Now, while Storage Insights deals with the physical side of storage as a storage management tool, recently announced IBM Spectrum Discover is an in-house data management software tool that targets the voluminous, and ever-rapidly growing amount of data, such as that created for Internet of Things (IoT), AI, and Big data analytic applications. Spectrum Discover works with file data managed by IBM Spectrum Scale or object data managed by IBM Cloud Object Storage, and enables users to get more out of their data for analytical, governance and storage investment purposes (IBM will also support Dell/EMC’s Isilon offerings in 2019).


How does it accomplish this? On the analytical side, getting to useful and actionable insights that would not be discovered otherwise within a data ocean of unstructured data rapidly is facilitated by such things as its ability to orchestrate machine learning and MapReduce processes. On the governance side, mitigating business risks by ensuring that data is compliant with governance policies and speeding up investigation into potentially fraudulent activities obviously may be of great value. On the investment side, the ability to facilitate the movement of “colder” (i.e., less frequently-accessed data suitable, say, for archiving) data to cheaper storage and to weed out and destroy unnecessary redundant data is financially advantageous.


The heart of Spectrum Discover’s power revolves around its metadata management and related processes. Any search and discover tool needs good data about data (i.e. metadata) to succeed. Spectrum Discover uses both automatically-generated system metadata at the time of data creation and custom metadata tagging that adds extra intelligence that is needed at analysis time. All that leads to automatic cataloging with the creation of an index where large quantities of data can be searched extremely rapidly for discovery purposes, thus reducing data scientist and storage admin preparation time and costs associated with that.

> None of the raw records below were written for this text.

(* Let $r\in\mathbb{N}$, $n\in\mathbb{N}$, $\alpha\in\mathbb{N}$, $\beta>\frac{n+r+1}{2\alpha}$, let $f\in C^n(\mathbb{R})$ with $f^{(n)}\in L_1(\mathbb{R})$, and let $\xi>0$. Then $$\|\Delta(x)\|_1\le\frac{1}{(r+1)(n-1)!\,\Gamma(\frac{1}{2\alpha})\Gamma(\beta-\frac{1}{2\alpha})}\left[\sum_{k=1}^{r+1}\binom{r+1}{k}\Gamma\left(\frac{n+k}{2\alpha}\right)\Gamma\left(\beta-\frac{n+k}{2\alpha}\right)\right]\omega_r(f^{(n)},\xi)_1\,\xi^n.$$ Hence $\|\Delta(x)\|_1\to0$ as $\xi\to0$. If additionally $f^{(2m)}\in L_1(\mathbb{R})$ for $m=1,\dots,\lfloor n/2\rfloor$, then $\|M_{r,\xi}(f)-f\|_1\to0$ as $\xi\to0$.
   Context: For $r\in\mathbb{N}$ and $n\in\mathbb{Z}_+$ set $\alpha_j=(-1)^{r-j}\binom{r}{j}j^{-n}$ for $j=1,\dots,r$ and $\alpha_0=1-\sum_{j=1}^r(-1)^{r-j}\binom{r}{j}j^{-n}$. For $\alpha\in\mathbb{N}$, $\beta>\frac{1}{2\alpha}$, $\xi>0$, let $W=\frac{\Gamma(\beta)\alpha\xi^{2\alpha\beta-1}}{\Gamma(\frac{1}{2\alpha})\Gamma(\beta-\frac{1}{2\alpha})}$ and $M_{r,\xi}(f;x)=W\int_{-\infty}^{\infty}\frac{\sum_{j=0}^r\alpha_jf(x+jt)}{(t^{2\alpha}+\xi^{2\alpha})^{\beta}}dt$, $x\in\mathbb{R}$. Let $\delta_k=\sum_{j=1}^r\alpha_j j^k$ and $$\Delta(x):=M_{r,\xi}(f;x)-f(x)-\sum_{m=1}^{\lfloor n/2\rfloor}\frac{f^{(2m)}(x)\delta_{2m}}{(2m)!}\frac{\Gamma(\frac{2m+1}{2\alpha})\Gamma(\beta-\frac{2m+1}{2\alpha})}{\Gamma(\frac{1}{2\alpha})\Gamma(\beta-\frac{1}{2\alpha})}\xi^{2m}$$ (empty sum if $n=1$). For $g\in L_1(\mathbb{R})$, $\Delta_t^rg(x)=\sum_{j=0}^r(-1)^{r-j}\binom{r}{j}g(x+jt)$ and $\omega_r(g,h)_1=\sup_{|t|\le h}\|\Delta_t^rg(x)\|_{1,x}$, $h>0$. $\|\cdot\|_1$ is the $L_1(\mathbb{R})$ norm in $x$. *)

theory Defs
  imports "HOL-Analysis.Analysis"
begin

definition alpha_coef :: "nat \<Rightarrow> nat \<Rightarrow> nat \<Rightarrow> real" where
  "alpha_coef r n j =
     (if j = 0 then 1 - (\<Sum>i=1..r. (-1)^(r-i) * real (r choose i) / real i ^ n)
      else (-1)^(r-j) * real (r choose j) / real j ^ n)"

definition delta_coef :: "nat \<Rightarrow> nat \<Rightarrow> nat \<Rightarrow> real" where
  "delta_coef r n k = (\<Sum>j=1..r. alpha_coef r n j * real j ^ k)"

definition W_const :: "nat \<Rightarrow> real \<Rightarrow> real \<Rightarrow> real" where
  "W_const al be xi =
     Gamma be * real al * xi powr (2 * real al * be - 1)
     / (Gamma (1 / (2 * real al)) * Gamma (be - 1 / (2 * real al)))"

definition M_op :: "nat \<Rightarrow> nat \<Rightarrow> nat \<Rightarrow> real \<Rightarrow> real \<Rightarrow> (real \<Rightarrow> real) \<Rightarrow> real \<Rightarrow> real" where
  "M_op r n al be xi f x =
     W_const al be xi *
       (LINT t|lborel. (\<Sum>j=0..r. alpha_coef r n j * f (x + real j * t))
                      / (t ^ (2 * al) + xi ^ (2 * al)) powr be)"

definition Delta_op :: "nat \<Rightarrow> nat \<Rightarrow> nat \<Rightarrow> real \<Rightarrow> real \<Rightarrow> (real \<Rightarrow> real) \<Rightarrow> real \<Rightarrow> real" where
  "Delta_op r n al be xi f x =
     M_op r n al be xi f x - f x
     - (\<Sum>m=1..n div 2. (deriv ^^ (2*m)) f x * delta_coef r n (2*m) / fact (2*m)
          * (Gamma (real (2*m+1) / (2 * real al)) * Gamma (be - real (2*m+1) / (2 * real al))
             / (Gamma (1 / (2 * real al)) * Gamma (be - 1 / (2 * real al))))
          * xi ^ (2*m))"

definition fdiff :: "nat \<Rightarrow> real \<Rightarrow> (real \<Rightarrow> real) \<Rightarrow> real \<Rightarrow> real" where
  "fdiff r t g x = (\<Sum>j=0..r. (-1)^(r-j) * real (r choose j) * g (x + real j * t))"

definition L1norm :: "(real \<Rightarrow> real) \<Rightarrow> ennreal" where
  "L1norm g = (\<integral>\<^sup>+ x. ennreal \<bar>g x\<bar> \<partial>lborel)"

definition omega1 :: "nat \<Rightarrow> (real \<Rightarrow> real) \<Rightarrow> real \<Rightarrow> ennreal" where
  "omega1 r g h = (SUP t\<in>{-h..h}. L1norm (fdiff r t g))"

definition bound_const :: "nat \<Rightarrow> nat \<Rightarrow> nat \<Rightarrow> real \<Rightarrow> real" where
  "bound_const r n al be =
     1 / (real (r+1) * fact (n-1) * Gamma (1 / (2 * real al)) * Gamma (be - 1 / (2 * real al)))
     * (\<Sum>k=1..r+1. real ((r+1) choose k) * Gamma (real (n+k) / (2 * real al))
                      * Gamma (be - real (n+k) / (2 * real al)))"

end

theory Submission
  imports Defs
begin

text \<open>
  Taylor's formula with integral remainder at the nodes \<open>x + j t\<close>, together with the choice of
  the \<open>alpha_j\<close>, shows that the defect
  \<open>E(x,t) = sum_j alpha_j f(x + j t) - f(x) - sum_{k=1..n} f^(k)(x) delta_k t^k / k!\<close>
  equals \<open>t^n / (n-1)! * integral_0^1 (1-u)^(n-1) Delta^r_{u t} f^(n)(x) du\<close>.
  Integrated against the kernel, the odd moments of the Taylor polynomial vanish and the even ones are
  exactly the correction terms of \<open>Delta\<close>, so \<open>Delta(x) = W * integral E(x,t) / (t^(2 al) + xi^(2 al))^be dt\<close>.
  By Tonelli and \<open>||Delta^r_s g||_1 <= (1 + |s|/xi)^r omega_r(g,xi)_1\<close> (split a long step into
  \<open>ceil(|s|/xi)\<close> short ones), \<open>||Delta||_1\<close> is bounded by \<open>omega_r(f^(n),xi)_1\<close> times kernel moments
  of \<open>|t|^(n+k-1)\<close>; these are Beta integrals and give the constant. Since
  \<open>omega_r(g,xi)_1 <= 2^r ||g||_1\<close>, all error terms are \<open>O(xi^n)\<close> or \<open>O(xi^(2m))\<close>.
\<close>

section \<open>The kernel and its moments\<close>

definition kernel_den :: "nat \<Rightarrow> real \<Rightarrow> real \<Rightarrow> real \<Rightarrow> real" where
  "kernel_den al be xi t = (t^(2*al) + xi^(2*al)) powr be"

text \<open>The integral of \<open>|t|^p / kernel_den al be xi t\<close> over the real line.\<close>
definition kernel_moment :: "nat \<Rightarrow> real \<Rightarrow> real \<Rightarrow> nat \<Rightarrow> real" where
  "kernel_moment al be xi p = 1 / real al * xi powr (real p + 1 - 2 * real al * be) *
     Beta (real (p+1) / (2 * real al)) (be - real (p+1) / (2 * real al))"

lemma kernel_den_pos: "xi > 0 \<Longrightarrow> kernel_den al be xi t > 0"
proof -
  assume "xi > 0"
  then have "t^(2*al) + xi^(2*al) > 0"
    by (simp add: add_nonneg_pos power_mult)
  then show ?thesis by (simp add: kernel_den_def)
qed

lemma kernel_den_minus [simp]: "kernel_den al be xi (-t) = kernel_den al be xi t"
  by (simp add: kernel_den_def power_mult)

lemma kernel_den_measurable [measurable]: "kernel_den al be xi \<in> borel_measurable borel"
  unfolding kernel_den_def by measurable

lemma kernel_moment_pos:
  assumes "al \<ge> 1" and "xi > 0" and "be > real (p+1) / (2 * real al)"
  shows "kernel_moment al be xi p > 0"
proof -
  have "real (p+1) / (2 * real al) > 0" using assms(1) by simp
  then have "Beta (real (p+1) / (2 * real al)) (be - real (p+1) / (2 * real al)) > 0"
    using assms(3) by (simp add: Beta_def)
  then show ?thesis using assms(1,2) by (simp add: kernel_moment_def)
qed

text \<open>
  The substitution \<open>t = xi (w/(1-w))^(1/(2 al))\<close> maps \<open>(0,1)\<close> onto \<open>(0,\<infinity>)\<close>
  and turns the half-line moments into Beta integrals.
\<close>
definition beta_subst :: "real \<Rightarrow> real \<Rightarrow> real \<Rightarrow> real" where
  "beta_subst xi c w = xi * (w / (1 - w)) powr c"

lemma beta_subst_has_derivative:
  assumes "0 < w" "w < 1"
  shows "(beta_subst xi c has_real_derivative xi * c * (w / (1 - w)) powr (c - 1) / (1 - w)^2) (at w)"
proof -
  have "((\<lambda>w. w / (1 - w)) has_real_derivative 1 / (1 - w)^2) (at w)"
    using assms by (auto intro!: derivative_eq_intros simp: field_simps power2_eq_square)
  then have "((\<lambda>w. xi * (w / (1 - w)) powr c) has_real_derivative
      xi * (c * (w / (1 - w)) powr (c - 1) * (1 / (1 - w)^2))) (at w)"
    using assms by (auto intro!: derivative_eq_intros DERIV_powr simp: power2_eq_square)
  then show ?thesis by (simp add: beta_subst_def[abs_def] mult.assoc)
qed

lemma beta_subst_strict_mono:
  assumes "xi > 0" and "c > 0"
  shows "strict_mono_on {0<..<1} (beta_subst xi c)"
proof (rule strict_mono_onI)
  fix u v :: real assume "u \<in> {0<..<1}" "v \<in> {0<..<1}" "u < v"
  then have "0 < u / (1 - u)" and "u / (1 - u) < v / (1 - v)" by (auto simp: field_simps)
  then have "(u / (1 - u)) powr c < (v / (1 - v)) powr c" using assms(2) by (intro powr_less_mono2) auto
  then show "beta_subst xi c u < beta_subst xi c v" using assms(1) by (simp add: beta_subst_def)
qed

lemma beta_subst_image:
  assumes "xi > 0" and "c > 0"
  shows "beta_subst xi c ` {0<..<1} = {0<..}"
proof
  show "beta_subst xi c ` {0<..<1} \<subseteq> {0<..}" using assms(1) by (auto simp: beta_subst_def)
  show "{0<..} \<subseteq> beta_subst xi c ` {0<..<1}"
  proof
    fix v :: real assume "v \<in> {0<..}"
    define q where "q = (v / xi) powr (1 / c)"
    have "q > 0" using \<open>v \<in> {0<..}\<close> assms(1) by (simp add: q_def)
    then have "q / (1 + q) \<in> {0<..<1}" and "(q / (1 + q)) / (1 - q / (1 + q)) = q"
      by (auto simp: field_simps)
    moreover have "xi * q powr c = v"
      using \<open>v \<in> {0<..}\<close> assms by (simp add: q_def powr_powr)
    ultimately show "v \<in> beta_subst xi c ` {0<..<1}"
      by (intro image_eqI[of v _ "q / (1 + q)"]) (simp_all add: beta_subst_def)
  qed
qed

lemma kernel_beta_subst_integrand:
  fixes p al :: nat
  assumes al: "al \<ge> 1" and xi: "xi > 0" and w: "0 < w" "w < 1"
  defines "c \<equiv> 1 / (2 * real al)" and "a \<equiv> real (p+1) / (2 * real al)"
  shows "xi * c * (w / (1 - w)) powr (c - 1) / (1 - w)^2
           * (beta_subst xi c w ^ p / kernel_den al be xi (beta_subst xi c w))
         = c * xi powr (real p + 1 - 2 * real al * be) * (w powr (a - 1) * (1 - w) powr (be - a - 1))"
proof -
  define q where "q = w / (1 - w)"
  have q: "q > 0" and omw: "1 - w > 0" using w by (simp_all add: q_def)
  have ac: "a = c * (real p + 1)" by (simp add: a_def c_def)
  have gw: "beta_subst xi c w = xi * q powr c" by (simp add: beta_subst_def q_def)
  have Qp: "(q powr c)^p = q powr (c * real p)"
    using q by (simp add: powr_realpow[symmetric] powr_powr mult.commute)
  have Q2: "(q powr c)^(2*al) = q"
    using q al by (simp add: powr_realpow[symmetric] powr_powr c_def)
  have "beta_subst xi c w ^ (2*al) = xi^(2*al) * q"
    by (simp add: gw power_mult_distrib Q2)
  then have "beta_subst xi c w ^ (2*al) + xi^(2*al) = xi^(2*al) / (1 - w)"
    using w by (simp add: q_def field_simps)
  then have K: "kernel_den al be xi (beta_subst xi c w) = xi powr (2 * real al * be) * (1 - w) powr (-be)"
    using xi omw unfolding kernel_den_def
    by (simp add: powr_divide powr_realpow[symmetric] powr_powr powr_minus_divide)
  have "xi * c * q powr (c - 1) / (1 - w)^2 * (beta_subst xi c w ^ p / kernel_den al be xi (beta_subst xi c w))
      = c * (xi * xi^p / xi powr (2 * real al * be)) * (q powr (c - 1) * q powr (c * real p))
          * ((1 - w) powr be / (1 - w)^2)"
    using omw unfolding K by (simp add: gw power_mult_distrib Qp powr_minus_divide field_simps)
  also have "q powr (c - 1) * q powr (c * real p) = q powr (a - 1)"
    by (simp add: powr_add[symmetric] ac algebra_simps)
  also have "q powr (a - 1) = w powr (a - 1) * (1 - w) powr (1 - a)"
    using w powr_minus_divide[of "1 - w" "a - 1"] by (simp add: q_def powr_divide)
  also have "xi * xi^p / xi powr (2 * real al * be) = xi powr (real p + 1 - 2 * real al * be)"
    using xi by (simp add: powr_diff powr_add powr_realpow[symmetric] add.commute)
  also have "(1 - w) powr be / (1 - w)^2 = (1 - w) powr (be - 2)"
    using omw by (simp add: powr_diff powr_numeral)
  finally show ?thesis
    by (simp add: q_def ac_simps flip: powr_add)
qed

lemma has_integral_kernel_moment_half_line:
  fixes p al :: nat
  assumes al: "al \<ge> 1" and xi: "xi > 0" and be: "be > real (p+1) / (2 * real al)"
  shows "((\<lambda>t. t^p / kernel_den al be xi t) has_integral kernel_moment al be xi p / 2) {0<..}"
proof -
  define c where "c = 1 / (2 * real al)"
  define a where "a = real (p+1) / (2 * real al)"
  define C where "C = c * xi powr (real p + 1 - 2 * real al * be)"
  define g' where "g' w = xi * c * (w / (1 - w)) powr (c - 1) / (1 - w)^2" for w
  define F where "F t = t^p / kernel_den al be xi t" for t
  have c: "c > 0" and a: "a > 0" and ba: "be - a > 0" using al be by (simp_all add: c_def a_def)
  have der: "(beta_subst xi c has_real_derivative g' w) (at w within {0<..<1})"
    if "w \<in> {0<..<1}" for w
    using beta_subst_has_derivative[of w xi c] that by (auto intro: has_field_derivative_at_within simp: g'_def)
  have key: "\<bar>g' w\<bar> * F (beta_subst xi c w) = C * (w powr (a - 1) * (1 - w) powr (be - a - 1))"
    if "w \<in> {0<..<1}" for w
    using that kernel_beta_subst_integrand[OF al xi, of w p be] xi c
    by (simp add: g'_def F_def C_def a_def c_def)
  have "((\<lambda>w. w powr (a - 1) * (1 - w) powr ((be - a) - 1)) has_integral Beta a (be - a)) {0..1}"
    by (rule has_integral_Beta_real[OF a ba])
  then have beta: "((\<lambda>w. C * (w powr (a - 1) * (1 - w) powr (be - a - 1))) has_integral C * Beta a (be - a)) {0<..<1}"
    by (simp add: has_integral_Icc_iff_Ioo has_integral_mult_right)
  have absint: "(\<lambda>w. \<bar>g' w\<bar> * F (beta_subst xi c w)) absolutely_integrable_on {0<..<1}"
  proof -
    have "(\<lambda>w. C * (w powr (a - 1) * (1 - w) powr (be - a - 1))) absolutely_integrable_on {0<..<1}"
      using beta c by (subst absolutely_integrable_on_iff_nonneg) (auto simp: C_def)
    then show ?thesis by (rule absolutely_integrable_spike[where S = "{}"]) (auto simp: key)
  qed
  have "integral {0<..<1} (\<lambda>w. \<bar>g' w\<bar> * F (beta_subst xi c w)) = C * Beta a (be - a)"
    using beta key by (metis (no_types, lifting) integral_cong integral_unique)
  then have "F absolutely_integrable_on {0<..} \<and> integral {0<..} F = C * Beta a (be - a)"
    using has_absolute_integral_change_of_variables_1'[of "{0<..<1}" "beta_subst xi c" g' F "C * Beta a (be - a)"]
      der absint strict_mono_on_imp_inj_on[OF beta_subst_strict_mono[OF xi c]]
    by (auto simp: beta_subst_image[OF xi c])
  then have "(F has_integral C * Beta a (be - a)) {0<..}"
    by (metis absolutely_integrable_on_def has_integral_integrable_integral)
  moreover have "C * Beta a (be - a) = kernel_moment al be xi p / 2"
    by (simp add: C_def c_def a_def kernel_moment_def)
  ultimately show ?thesis by (simp add: F_def[abs_def])
qed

Although for different purposes (and not totally similar technologies) as an analogy, think of the search and discover capabilities of a public Internet browser for speed and flexibility for publicly-available data in contrast to the private data that Spectrum Discover deals with. Accompanying search and discover functions are a number of features and capabilities that greatly facilitate the use of the tool, including policy-driven workflows, a drill down dashboard, and an Action Agent that manages data movement and facilitates content inspection.


In essence, IBM Spectrum Discover is designed to significantly simplify and speed the data and storage processes required for analytics and AI processes. That should provide notable benefits for enterprises that aim to maximize the effectiveness and value of their advanced analytics investments.


Mesabi musings

You would think that storage innovations would show signs of slowing down after all these years, but the opposite seems to be true. In fact, IBM continues to be at the forefront of storage progress.


As illustrations of its continuing leadership, IBM has introduced the new NVMe-enabled Storwize V7000 Gen 3 on the systems side of storage, Spectrum Discover on the software side as a data management tool, and enhanced Spectrum Insights as a storage management tool.


Overall, IBM customers should be pleased with the progress IBM is making with NVMe technology, a fundamental storage systems underpinning technology on the hardware side, while Storage Discover, on the software side, continues the push toward extracting additional value from up to oceans of unstructured data.